Pandoc: Source mapping in AST

Created on 19 Apr 2018 · 20Comments · Source: jgm/pandoc

Hi!

First of all, thank you for your great tool!

Being flexible and modular, it sometimes can be used in non-dedicated manner. For example, AST filters can be used to serialize AST somewhere, which allows just using Pandoc as markup language parser where needed.

For this purpose, is it difficult to add source file coordinates to AST or, maybe, to separate sourcemap-like file? For some formats, like M$ Word, they (coordinates within XML) will not be very informative, but for Human-readable formats it can be really great feature.

AST change enhancement Markdown reader

Source

dluciv

👍8

Most helpful comment

A couple problems for implementing this currently:

You request byte offset. Pandoc has access to source line and column, but not byte offset (which of course depends on the encoding). Of course, byte offset could be computed if we had source line and column. Character offset might be more useful though in general.
Pandoc's current markdown parsing strategy doesn't always allow us to give accurate source positions. For example, when we parse a block quote, we strip off the initial > or > from each line, then reparse the result. Since we may have stripped off different numbers of characters from each line (including 0 characters with "lazy" continuations), we've lost the information we need for accurate source positions. This can be fixed when we integrate commonmark-hs later, since it gives 100% accurate source positions.

jgm on 28 Apr 2019

👍3

All 20 comments

I'm sure there is a pandoc issue about this somewhere, but all I could find was https://github.com/atom-community/markdown-preview-plus/issues/106 and https://github.com/commonmark/CommonMark/issues/57

mb21 on 19 Apr 2018

Discussion in Google group https://groups.google.com/forum/#!msg/pandoc-discuss/tVe1RapDN5U/YGJE76FB74QJ

Does not look very optimistic though... =)

dluciv on 19 Apr 2018

Adding source locations for everything would require a lot of
fundamental changes in the readers, and in the AST, so it's not at all a
trivial change.

Adding source locations for block-level elements would be a bit
easier; they could all be wrapped in Divs with source position
attributes. Not sure if this would be useful, though.

The pure Haskell commonmark parser I'm working on (jgm/commonmark-hs),
which may some day be the basis of pandoc's Markdown parser, tracks
detailed source positions for everything.

jgm on 19 Apr 2018

Adding source locations for block-level elements would be a bit
easier; they could all be wrapped in Divs with source position
attributes. Not sure if this would be useful, though.

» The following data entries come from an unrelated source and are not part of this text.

(* Let $\epsilon>0$ and let $\mathcal V=\{s_L(1+\epsilon)^\ell:0\le\ell\le k\}$. For every instance of problem MR there is a feasible schedule in which every task runs at a speed belonging to $\mathcal V$ and whose objective value $\sum_j w_jC_j$ is at most $(1+\epsilon)$ times the optimal objective value of the instance.
   Context: Problem MR. There are jobs $\mathcal J=\{1,\dots,n\}$ and processors $\mathcal P=\{1,\dots,m\}$. Job $j$ has weight $w_j>0$, release date $r_j\ge0$, and a nonempty set of Map tasks and a nonempty set of Reduce tasks, preassigned to processors with at most one task of each job per processor; $T_{i,j}$ is the task of job $j$ on processor $i$, with work $v_{i,j}\ge0$; $\mathcal T$ is the set of all tasks. A schedule gives each task a start time and a constant speed $s_{i,j}>0$; the task runs non-preemptively for $v_{i,j}/s_{i,j}$ time units and uses energy $v_{i,j}s_{i,j}^{\beta-1}$, where $\beta>1$ is a fixed constant. Feasibility: each processor runs at most one task at a time; tasks of job $j$ start no earlier than $r_j$; Reduce tasks of job $j$ start only after all Map tasks of job $j$ complete; total energy at most a given budget $E>0$. $C_j$ is the maximum completion time of the tasks of job $j$; the objective is to minimize $\sum_j w_jC_j$. Notation: $w_{\min},w_{\max}$ are the min/max weights, $r_{\max}=\max_j r_j$, $v_{\max}=\max v_{i,j}$, $v_{\min}=\min\{v_{i,j}:v_{i,j}>0\}$, $t_{\max}=\frac{w_{\max}}{w_{\min}}\big(nr_{\max}+n(n+1)(|\mathcal T|v_{\max}^\beta/E)^{1/(\beta-1)}\big)$, $s_L=v_{\min}/t_{\max}$, $s_U=(E/v_{\min})^{1/(\beta-1)}$, and $k=\lceil\log_{1+\epsilon}(s_U/s_L)\rceil$. *)

theory Defs
  imports Complex_Main
begin

text \<open>Jobs are 0..<n, processors 0..<m. Job j has Map tasks on the
processors in Mp j and Reduce tasks on the processors in Rd j (disjoint, so at
most one task of each job per processor). Task (i,j) has work v i j.\<close>

definition tasks :: "nat \<Rightarrow> (nat \<Rightarrow> nat set) \<Rightarrow> (nat \<Rightarrow> nat set) \<Rightarrow> (nat \<times> nat) set" where
  "tasks n Mp Rd = {(i, j). j < n \<and> i \<in> Mp j \<union> Rd j}"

It would be useful. Example: editor and preview position synchronization for two-pane editors a-la https://dillinger.io/ -- any source position information would be useful for that.

lierdakil on 4 May 2018

👍3

In the context of adding attributes to all elements, I think mpickering somewhere suggested to use polymorphic types like Codeblock a String. I guess then you'd be freer to store source map as any data type you want inside that a...

mb21 on 17 May 2018

Hmmmm, not sure how much use the polymorphic types would see, my guess is they would only be used for a handful of things which would mean it's easier to just have some more concrete types. But I would be for having attributes attached to more of the AST. Also would like to see this done as an incremental change, so perhaps something like (1) add attributes for all Block elements as initial step, then (2) add extension like #4659 which only adds source attributes in a few places when the filter is turned on, then (3) as people request source attributes for more places in the AST and for more readers, then go through and make it happen.

I think though, it would be nice to turn on source attributes "globally" in some sense, without having to worry about "is it Markdown sources? which blocks do we do it for?". To that end, I can think of a few options:

Add a new Block type called Comment. Probably somewhat orthogonal, but then people can put whatever directives they want in the comments, and it helps with literate programming (so that we can keep source text as well, which is my original use-case).
Add a new Block type BlockLoc SourcePos Block, which just wraps a Block with the given source location information. Once again incrementally update the parsers to insert these when parsing blocks, but may be possible to do once per reader language at a Block level parser (instead of once per reader language per block constructor).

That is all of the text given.